See below for more information about what the JSON files contain.

2. Creating an SQLite database

Assuming all the JSON files are present, you can create an SQLite database by running this command, passing in the name of the database file to create:

python convert_json_to_sqlite.py colmem.db

You should be able to run it multiple times without things breaking.

The database should be called colmem.db for use with the Datasette metadata file in step 3.

3. Browse the database with Datasette

Assuming you have an SQLite database from step 2, then run this command:

datasette colmem.db --metadata datasette_metadata.json

You should now be able to visit http://127.0.0.1:8001 in your browser.

4. Deploying

Previously we published tthis using Zeit.co but they have changed things with their v2 and we no longer use that.
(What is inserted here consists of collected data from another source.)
(* Let $h>0$ and $J>0$ with $\lambda=J/h<8/9$ (i.e. $\lambda\lesssim 0.89$), let $\Gamma_{abs}>0$ and $\Gamma^x_{dph}>0$. Consider the two-qubit battery Hamiltonian $H_B$ and initial state $\rho_0$ described in the context, and for $\Gamma\ge 0$ let $\rho^{(\Gamma)}_t$ be the solution of the master equation $$\frac{d\rho}{dt}=-i[H_B,\rho]+\Gamma_{abs}\sum_{j=1}^{2}\Big(\sigma^+_j\rho\,\sigma^-_j-\tfrac12\{\sigma^-_j\sigma^+_j,\rho\}\Big)+\Gamma\sum_{j=1}^{2}\big(\sigma^x_j\rho\,\sigma^x_j-\rho\big),\qquad \rho(0)=\rho_0 .$$ Define the work gained $W_\Gamma(t)=\mathrm{Tr}(H_B\rho^{(\Gamma)}_t)-\mathrm{Tr}(H_B\rho_0)$. Then, in the transient regime, the work gained with local bit-flip noise exceeds the work gained without noise: there exists $t^*>0$ such that $W_{\Gamma^x_{dph}}(t)>W_0(t)$ for all $0<t<t^*$.
   Context: Two qubits with computational basis $|00\rangle,|01\rangle,|10\rangle,|11\rangle$, where $\sigma^z|0\rangle=|0\rangle$, $\sigma^z|1\rangle=-|1\rangle$. $\sigma^x,\sigma^y,\sigma^z$ are the Pauli matrices, $\sigma^{\pm}=(\sigma^x\pm i\sigma^y)/2$, and $\sigma^a_1=\sigma^a\otimes I$, $\sigma^a_2=I\otimes\sigma^a$. The battery Hamiltonian (two-spin transverse Ising model) is, in the computational basis, $$H_B=\begin{pmatrix} h&0&0&J/4\\ 0&0&J/4&0\\ 0&J/4&0&0\\ J/4&0&0&-h\end{pmatrix}.$$ Set $e_0=-\sqrt{h^2+\tfrac{5J^2}{8}}$, $p=\frac{4(h+e_0)}{J}$, and let the initial state be $$\rho_0=\frac{1}{1+p^2}\begin{pmatrix} p^2&0&0&p\\ 0&0&0&0\\ 0&0&0&0\\ p&0&0&1\end{pmatrix}.$$ The terms with $\Gamma_{abs}$ model a local bosonic reservoir charging each spin (absorption channel); the terms with $\Gamma$ model local bit-flip (dephasing along $x$) noise on each spin; $\Gamma=0$ is the noiseless case. *)

theory Defs
  imports "HOL-Analysis.Analysis"
begin

text \<open>Single-qubit index: False = |0>, True = |1>.  Two-qubit index: pairs (a,b) = |ab>,
  so sigma_1 = sigma (x) I acts on the first component.\<close>

type_synonym qmat = "complex^bool^bool"
type_synonym mat2q = "complex^(bool \<times> bool)^(bool \<times> bool)"

definition qbit_idx :: "bool \<Rightarrow> nat" where "qbit_idx b = (if b then 1 else 0)"

definition idx4 :: "bool \<times> bool \<Rightarrow> nat" where
  "idx4 ab = 2 * qbit_idx (fst ab) + qbit_idx (snd ab)"

definition mat2_of_list :: "complex list list \<Rightarrow> qmat" where
  "mat2_of_list M = (\<chi> i j. M ! qbit_idx i ! qbit_idx j)"

definition mat4_of_list :: "complex list list \<Rightarrow> mat2q" where
  "mat4_of_list M = (\<chi> i j. M ! idx4 i ! idx4 j)"

definition smult_mat :: "complex \<Rightarrow> complex^'n^'m \<Rightarrow> complex^'n^'m" where
  "smult_mat c M = (\<chi> i j. c * M $ i $ j)"

definition kron :: "qmat \<Rightarrow> qmat \<Rightarrow> mat2q" where
  "kron A B = (\<chi> i j. A $ fst i $ fst j * B $ snd i $ snd j)"

definition pauli_x :: qmat where "pauli_x = mat2_of_list [[0, 1], [1, 0]]"
definition pauli_y :: qmat where "pauli_y = mat2_of_list [[0, -\<i>], [\<i>, 0]]"
definition pauli_z :: qmat where "pauli_z = mat2_of_list [[1, 0], [0, -1]]"
definition id2 :: qmat where "id2 = mat 1"

definition sigma_plus :: qmat where
  "sigma_plus = smult_mat (1/2) (pauli_x + smult_mat \<i> pauli_y)"
definition sigma_minus :: qmat where
  "sigma_minus = smult_mat (1/2) (pauli_x - smult_mat \<i> pauli_y)"

definition site :: "nat \<Rightarrow> qmat \<Rightarrow> mat2q" where
  "site j s = (if j = 1 then kron s id2 else kron id2 s)"

definition H_B :: "real \<Rightarrow> real \<Rightarrow> mat2q" where
  "H_B h J = mat4_of_list
     [[of_real h, 0, 0, of_real (J/4)],
      [0, 0, of_real (J/4), 0],
      [0, of_real (J/4), 0, 0],
      [of_real (J/4), 0, 0, of_real (-h)]]"

definition e0 :: "real \<Rightarrow> real \<Rightarrow> real" where
  "e0 h J = - sqrt (h^2 + 5 * J^2 / 8)"

definition pp :: "real \<Rightarrow> real \<Rightarrow> real" where
  "pp h J = 4 * (h + e0 h J) / J"

definition rho0 :: "real \<Rightarrow> real \<Rightarrow> mat2q" where
  "rho0 h J = smult_mat (of_real (1 / (1 + (pp h J)^2)))
     (mat4_of_list
      [[of_real ((pp h J)^2), 0, 0, of_real (pp h J)],
       [0, 0, 0, 0],
       [0, 0, 0, 0],
       [of_real (pp h J), 0, 0, 1]])"

definition commutator :: "mat2q \<Rightarrow> mat2q \<Rightarrow> mat2q" where
  "commutator A B = A ** B - B ** A"

definition anticommutator :: "mat2q \<Rightarrow> mat2q \<Rightarrow> mat2q" where
  "anticommutator A B = A ** B + B ** A"

definition lindblad :: "real \<Rightarrow> real \<Rightarrow> real \<Rightarrow> real \<Rightarrow> mat2q \<Rightarrow> mat2q" where
  "lindblad h J Gabs G \<rho> =
     smult_mat (-\<i>) (commutator (H_B h J) \<rho>)
   + smult_mat (of_real Gabs)
       (\<Sum>j\<in>{1,2::nat}. site j sigma_plus ** \<rho> ** site j sigma_minus
          - smult_mat (1/2) (anticommutator (site j sigma_minus ** site j sigma_plus) \<rho>))
   + smult_mat (of_real G)
       (\<Sum>j\<in>{1,2::nat}. site j pauli_x ** \<rho> ** site j pauli_x - \<rho>)"

definition is_solution :: "real \<Rightarrow> real \<Rightarrow> real \<Rightarrow> real \<Rightarrow> (real \<Rightarrow> mat2q) \<Rightarrow> bool" where
  "is_solution h J Gabs G \<rho> \<longleftrightarrow>
     \<rho> 0 = rho0 h J \<and>
     (\<forall>t\<ge>0. (\<rho> has_vector_derivative lindblad h J Gabs G (\<rho> t)) (at t within {0..}))"

definition work :: "real \<Rightarrow> real \<Rightarrow> (real \<Rightarrow> mat2q) \<Rightarrow> real \<Rightarrow> complex" where
  "work h J \<rho> t = trace (H_B h J ** \<rho> t) - trace (H_B h J ** rho0 h J)"

end

theory Submission
  imports Defs
begin

text \<open>Both solutions start at \<open>\<rho>\<^sub>0\<close>, so the difference of the works vanishes at \<open>t = 0\<close>.
  The two generators differ only by the bit-flip term \<open>\<Gamma> N\<close>, so the right derivative of the
  difference at \<open>0\<close> is \<open>\<Gamma> Tr(H\<^sub>B N(\<rho>\<^sub>0)) = 2h\<Gamma>(1 - p\<^sup>2)/(1 + p\<^sup>2)\<close>, which is positive
  because \<open>9J < 8h\<close> forces \<open>-1 < p < 0\<close>. A positive right derivative at a zero makes the
  difference positive on some interval \<open>(0, t\<^sup>*)\<close>.\<close>

definition energy :: "real \<Rightarrow> real \<Rightarrow> mat2q \<Rightarrow> real" where
  "energy h J M = Re (trace (H_B h J ** M))"

definition bit_flip_dissipator :: "mat2q \<Rightarrow> mat2q" where
  "bit_flip_dissipator \<rho> = (\<Sum>j\<in>{1,2::nat}. site j pauli_x ** \<rho> ** site j pauli_x - \<rho>)"

lemma bounded_linear_energy: "bounded_linear (energy h J)"
proof -
  have "linear (energy h J)"
    by (rule linearI)
      (simp_all add: energy_def trace_def matrix_matrix_mult_def sum.distrib sum_distrib_left
         algebra_simps)
  then show ?thesis
    by (simp add: linear_conv_bounded_linear)
qed

lemma energy_add: "energy h J (A + B) = energy h J A + energy h J B"
  by (simp add: energy_def matrix_add_ldistrib trace_add)

lemma energy_smult_of_real: "energy h J (smult_mat (of_real c) M) = c * energy h J M"
  by (simp add: energy_def smult_mat_def trace_def matrix_matrix_mult_def sum_distrib_left
     algebra_simps)

lemma Re_work_eq_energy_diff: "Re (work h J \<rho> t) = energy h J (\<rho> t) - energy h J (rho0 h J)"
  by (simp add: work_def energy_def)

lemma energy_has_derivative_at_0:
  assumes "is_solution h J Gabs G \<rho>"
  shows "((\<lambda>t. energy h J (\<rho> t)) has_real_derivative energy h J (lindblad h J Gabs G (rho0 h J)))
           (at 0 within {0..})"
proof -
  have "(\<rho> has_vector_derivative lindblad h J Gabs G (rho0 h J)) (at 0 within {0..})"
    using assms unfolding is_solution_def by auto
  from bounded_linear.has_vector_derivative[OF bounded_linear_energy this]
  show ?thesis
    by (simp add: has_real_derivative_iff_has_vector_derivative)
qed

lemma lindblad_eq_noiseless_plus_bit_flip:
  "lindblad h J Gabs G \<rho> = lindblad h J Gabs 0 \<rho> + smult_mat (of_real G) (bit_flip_dissipator \<rho>)"
  by (simp add: vec_eq_iff lindblad_def smult_mat_def bit_flip_dissipator_def)

lemma UNIV_bool_prod: "(UNIV :: (bool \<times> bool) set) = {(False,False),(False,True),(True,False),(True,True)}"
  by auto

lemma energy_bit_flip_dissipator_rho0:
  "energy h J (bit_flip_dissipator (rho0 h J)) = 2 * h * (1 - (pp h J)^2) / (1 + (pp h J)^2)"
  by (simp add: energy_def bit_flip_dissipator_def trace_def matrix_matrix_mult_def site_def kron_def
      pauli_x_def mat2_of_list_def mat4_of_list_def H_B_def rho0_def smult_mat_def id2_def mat_def
      idx4_def qbit_idx_def UNIV_bool_prod UNIV_bool)
    (simp add: diff_divide_distrib right_diff_distrib mult_ac)

lemma pp_squared_less_one:
  assumes "h > 0" "J > 0" "9 * J < 8 * h"
  shows "(pp h J)^2 < 1"
proof -
  define s where "s = sqrt (h^2 + 5 * J^2 / 8)"
  have s_sq: "s^2 = h^2 + 5 * J^2 / 8" and "s \<ge> 0"
    by (simp_all add: s_def)
  have "h^2 < s^2"
    using assms(2) by (simp add: s_sq)
  then have "h < s"
    using \<open>s \<ge> 0\<close> by (rule power2_less_imp_less)
  have "9 * J^2 < 8 * h * J"
    using mult_strict_left_mono[OF assms(3,2)] by (simp add: power2_eq_square mult_ac)
  then have "s^2 < (h + J/4)^2"
    unfolding s_sq by (simp add: power2_sum power_divide mult_ac)
  then have "s < h + J/4"
    by (rule power2_less_imp_less) (use assms(1,2) in simp)
  have pp_eq: "pp h J = 4 * (h - s) / J"
    by (simp add: pp_def e0_def s_def)
  have "-1 < pp h J" "pp h J < 0"
    unfolding pp_eq using \<open>h < s\<close> \<open>s < h + J/4\<close> assms(2) by (simp_all add: field_simps)
  then show ?thesis
    by (simp add: abs_square_less_1)
qed

theorem theorem2:
  fixes h J Gabs Gdph :: real and \<rho>dph \<rho>free :: "real \<Rightarrow> mat2q"
  assumes "h > 0" and "J > 0" and "J / h < 8/9"
    and "Gabs > 0" and "Gdph > 0"
    and "is_solution h J Gabs Gdph \<rho>dph"
    and "is_solution h J Gabs 0 \<rho>free"
  shows "\<exists>tstar > 0. \<forall>t. 0 < t \<and> t < tstar \<longrightarrow>
           Re (work h J \<rho>dph t) > Re (work h J \<rho>free t)"
proof -
  define D where "D t = energy h J (\<rho>dph t) - energy h J (\<rho>free t)" for t
  have D_0: "D 0 = 0"
    using assms(6,7) by (simp add: D_def is_solution_def)
  have "(D has_real_derivative Gdph * energy h J (bit_flip_dissipator (rho0 h J))) (at 0 within {0..})"
    unfolding D_def
    using DERIV_diff[OF energy_has_derivative_at_0[OF assms(6)] energy_has_derivative_at_0[OF assms(7)]]
    by (simp add: lindblad_eq_noiseless_plus_bit_flip[of h J Gabs Gdph] energy_add
        energy_smult_of_real)
  moreover have "(pp h J)^2 < 1"
    using assms(1-3) by (intro pp_squared_less_one) (simp_all add: divide_less_eq)
  then have "Gdph * energy h J (bit_flip_dissipator (rho0 h J)) > 0"
    using assms(1,5) by (simp add: energy_bit_flip_dissipator_rho0 add_pos_nonneg)
  ultimately obtain d where "d > 0" and "\<forall>t>0. t < d \<longrightarrow> D 0 < D t"
    using has_real_derivative_pos_inc_right by fastforce
  then show ?thesis
    using D_0 by (auto simp: D_def Re_work_eq_energy_diff)
qed

end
See the datasette documentation about publishing for some options.

Glitch

Currently I'm publishing this on Glitch, which I did like this:

  1. Create an account on Glitch.

  2. Create a new project (I think you have to choose one of their pre-built basic structures; do that and delete all the files).
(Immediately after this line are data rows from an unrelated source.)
definition grade :: "nat \<Rightarrow> nat \<Rightarrow> 'a::field mv set" where
  "grade n k = {x \<in> cl n. \<forall>A. x A \<noteq> 0 \<longrightarrow> card A = k}"

definition even_part :: "nat \<Rightarrow> 'a::field mv set" where
  "even_part n = {x \<in> cl n. \<forall>A. x A \<noteq> 0 \<longrightarrow> even (card A)}"

definition odd_part :: "nat \<Rightarrow> 'a::field mv set" where
  "odd_part n = {x \<in> cl n. \<forall>A. x A \<noteq> 0 \<longrightarrow> odd (card A)}"

definition clrev :: "'a::field mv \<Rightarrow> 'a mv" where
  "clrev x = (\<lambda>A. (-1) ^ (card A * (card A - 1) div 2) * x A)"

definition clinvertible :: "nat \<Rightarrow> (nat \<Rightarrow> 'a::field) \<Rightarrow> 'a mv \<Rightarrow> bool" where
  "clinvertible n eta x \<longleftrightarrow> x \<in> cl n \<and>
     (\<exists>y\<in>cl n. clmul n eta x y = clone \<and> clmul n eta y x = clone)"

definition units_in :: "nat \<Rightarrow> (nat \<Rightarrow> 'a::field) \<Rightarrow> 'a mv set \<Rightarrow> 'a mv set" where
  "units_in n eta S = {x \<in> S. clinvertible n eta x}"

definition clcenter :: "nat \<Rightarrow> (nat \<Rightarrow> 'a::field) \<Rightarrow> 'a mv set" where
  "clcenter n eta = {z \<in> cl n. \<forall>x\<in>cl n. clmul n eta z x = clmul n eta x z}"

definition Pset :: "nat \<Rightarrow> (nat \<Rightarrow> 'a::field) \<Rightarrow> 'a mv set" where
  "Pset n eta = {clmul n eta w t | w t. w \<in> units_in n eta (clcenter n eta) \<and>
      t \<in> units_in n eta (even_part n) \<union> units_in n eta (odd_part n)}"

definition Aset :: "nat \<Rightarrow> (nat \<Rightarrow> 'a::field) \<Rightarrow> 'a mv set" where
  "Aset n eta = {t \<in> units_in n eta (cl n).
      clmul n eta (clrev t) t \<in> units_in n eta (clcenter n eta)}"

definition Qset :: "nat \<Rightarrow> (nat \<Rightarrow> 'a::field) \<Rightarrow> 'a mv set" where
  "Qset n eta = {t \<in> Pset n eta.
      clmul n eta (clrev t) t \<in> units_in n eta (clcenter n eta)}"

definition sig :: "nat \<Rightarrow> nat \<Rightarrow> 'a::field" where
  "sig p i = (if i < p then 1 else -1)"

end

theory Submission
  imports Defs
begin

definition clscal :: "'a::field \<Rightarrow> 'a mv" where
  "clscal c = (\<lambda>A. if A = {} then c else 0)"

definition clscale :: "'a::field \<Rightarrow> 'a mv \<Rightarrow> 'a mv" where
  "clscale c x = (\<lambda>A. c * x A)"

definition even_comp :: "'a::field mv \<Rightarrow> 'a mv" where
  "even_comp x = (\<lambda>A. if even (card A) then x A else 0)"

definition odd_comp :: "'a::field mv \<Rightarrow> 'a mv" where
  "odd_comp x = (\<lambda>A. if odd (card A) then x A else 0)"

definition clnorm :: "nat \<Rightarrow> (nat \<Rightarrow> 'a::field) \<Rightarrow> 'a mv \<Rightarrow> 'a" where
  "clnorm n eta x = clmul n eta (clrev x) x {}"

definition scal_e012 :: "'a::field \<Rightarrow> 'a \<Rightarrow> 'a mv" where
  "scal_e012 a b = (\<lambda>A. if A = {} then a else if A = {0, 1, 2} then b else 0)"

lemma clone_eq_clscal: "clone = clscal 1"
  by (simp add: clone_def clscal_def)

lemma clscal_in_cl: "clscal c \<in> cl n"
  and clscale_in_cl: "x \<in> cl n \<Longrightarrow> clscale c x \<in> cl n"
  and clrev_in_cl: "x \<in> cl n \<Longrightarrow> clrev x \<in> cl n"
  and clgen_in_cl: "i < n \<Longrightarrow> clgen i \<in> cl n"
  and scal_e012_in_cl: "3 \<le> n \<Longrightarrow> scal_e012 a b \<in> cl n"
  by (auto simp: cl_def clscal_def clscale_def clrev_def clgen_def scal_e012_def)

lemma even_comp_in_even_part: "x \<in> cl n \<Longrightarrow> even_comp x \<in> even_part n"
  and odd_comp_in_odd_part: "x \<in> cl n \<Longrightarrow> odd_comp x \<in> odd_part n"
  by (auto simp: even_part_def odd_part_def cl_def even_comp_def odd_comp_def)

lemma cl_ext:
  assumes "x \<in> cl n" "y \<in> cl n" "\<And>A. A \<subseteq> {..<n} \<Longrightarrow> x A = y A"
  shows "x = y"
proof
  fix A show "x A = y A"
  proof (cases "A \<subseteq> {..<n}")
    case False
    with assms(1,2) have "x A = 0" "y A = 0" unfolding cl_def by blast+
    then show ?thesis by simp
  qed (rule assms(3))
qed

lemma clmul_apply:
  assumes "C \<subseteq> {..<n}"
  shows "clmul n eta x y C = (\<Sum>A\<in>Pow {..<n}. x A * y (sym_diff A C) * bsign eta A (sym_diff A C))"
  unfolding clmul_def
proof (rule sum.cong[OF refl])
  fix A assume "A \<in> Pow {..<n}"
  then have "sym_diff A C \<in> Pow {..<n}" using assms by auto
  moreover have "sym_diff A B = C \<longleftrightarrow> B = sym_diff A C" for B by blast
  ultimately show "(\<Sum>B\<in>Pow {..<n}. if sym_diff A B = C then x A * y B * bsign eta A B else 0) =
      x A * y (sym_diff A C) * bsign eta A (sym_diff A C)"
    by (simp add: sum.delta')
qed

lemma clmul_apply_support:
  assumes "C \<subseteq> {..<n}" "S \<subseteq> Pow {..<n}" "\<And>A. x A \<noteq> 0 \<Longrightarrow> A \<in> S"
  shows "clmul n eta x y C = (\<Sum>A\<in>S. x A * y (sym_diff A C) * bsign eta A (sym_diff A C))"
  unfolding clmul_apply[OF assms(1)] using assms(2,3)
  by (intro sum.mono_neutral_right) auto

lemma clmul_apply_outside: "\<not> C \<subseteq> {..<n} \<Longrightarrow> clmul n eta x y C = 0"
  unfolding clmul_def by (intro sum.neutral ballI) auto

lemma clmul_in_cl: "clmul n eta x y \<in> cl n"
  unfolding cl_def using clmul_apply_outside by blast

lemma bsign_empty_left [simp]: "bsign eta {} B = 1"
  and bsign_empty_right [simp]: "bsign eta A {} = 1"
  by (simp_all add: bsign_def)

lemma clmul_clscal_left:
  assumes "x \<in> cl n"
  shows "clmul n eta (clscal c) x = clscale c x"
proof (rule cl_ext[OF clmul_in_cl clscale_in_cl[OF assms]])
  fix C assume C: "C \<subseteq> {..<n}"
  have "clmul n eta (clscal c) x C = (\<Sum>A\<in>Pow {..<n}. if A = {} then c * x C else 0)"
    unfolding clmul_apply[OF C] by (rule sum.cong) (auto simp: clscal_def)
  then show "clmul n eta (clscal c) x C = clscale c x C"
    by (simp add: clscale_def)
qed

lemma clmul_clscal_right:
  assumes "x \<in> cl n"
  shows "clmul n eta x (clscal c) = clscale c x"
proof (rule cl_ext[OF clmul_in_cl clscale_in_cl[OF assms]])
  fix C assume C: "C \<subseteq> {..<n}"
  have "clmul n eta x (clscal c) C = (\<Sum>A\<in>Pow {..<n}. if A = C then c * x C else 0)"
    unfolding clmul_apply[OF C] by (rule sum.cong) (auto simp: clscal_def)
  with C show "clmul n eta x (clscal c) C = clscale c x C"
    by (simp add: clscale_def)
qed

lemma clmul_clscale_left: "clmul n eta (clscale c x) y = clscale c (clmul n eta x y)"
  and clmul_clscale_right: "clmul n eta x (clscale c y) = clscale c (clmul n eta x y)"
  unfolding clmul_def clscale_def
  by (auto simp: sum_distrib_left mult_ac intro!: sum.cong)

lemma clscale_clscale [simp]: "clscale a (clscale b x) = clscale (a * b) x"
  and clscale_one [simp]: "clscale 1 x = x"
  and clscale_clscal [simp]: "clscale a (clscal b) = clscal (a * b)"
  and clrev_clscal [simp]: "clrev (clscal c) = clscal c"
  and clrev_clscale: "clrev (clscale c x) = clscale c (clrev x)"
  by (auto simp: clscale_def clscal_def clrev_def)

lemma clmul_clscal_clscal [simp]: "clmul n eta (clscal a) (clscal b) = clscal (a * b)"
  by (simp add: clmul_clscal_left clscal_in_cl)

lemma clscale_in_center: "w \<in> clcenter n eta \<Longrightarrow> clscale c w \<in> clcenter n eta"
  unfolding clcenter_def by (auto simp: clscale_in_cl clmul_clscale_left clmul_clscale_right)

lemma clscal_in_center: "clscal c \<in> clcenter n eta"
  unfolding clcenter_def by (simp add: clscal_in_cl clmul_clscal_left clmul_clscal_right)

lemma clinvertible_clscal: "c \<noteq> 0 \<Longrightarrow> clinvertible n eta (clscal c)"
  unfolding clinvertible_def clone_eq_clscal
  by (intro conjI bexI[of _ "clscal (1 / c)"]) (simp_all add: clscal_in_cl)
  3. Upload each of the files in this repository's glitch/ directory into your Glitch app:

    • glitch.json
    • install.sh
    • README.md
    • requirements.txt
    • start.sh
  4. Upload this repository's datasette_metadata.json.

  5. Upload your colmem.db database file. Glitch will put this into the assets directory for some reason. To get it out:

    1. Show the contents of the assets directory

    2. Click on the colmem.db file

    3. Copy the URL of the file

    4. At the bottom left click 'Tools', then 'Logs'

    5. In the panel that opens click 'Console'

    6. Type wget and paste the file's URL, and hit return, so:

       $ wget https://cdn.glitch.com/319a...379a%2Fcolmem.db?1559117620051
      
    7. Rename that file to colmem.db, so something like:

       $ mv https://cdn.glitch.com/319a...379a%2Fcolmem.db?1559117620051 colmem.db
      
    8. Back in the code browser, you can delete the original file from assets

  6. That should be it... you can now click 'Show', at the top, to see the site.

There's probably a less manual, and more Glitch-y, way to do this but it seems to work for now.

The JSON files

There are three files listing members, wards and committees, and then a single file for each member.

Members list file

The file data/members.json is of this format:

{
  "meta": {
    "time_created": "2018-05-02T17:30:32.046751+00:00"
  },
  "members": [
    {
      "id": 292,
      "name": "Edward Lord, OBE, JP",
    },
    etc...
  ]
}

The time_created is the time this file was created.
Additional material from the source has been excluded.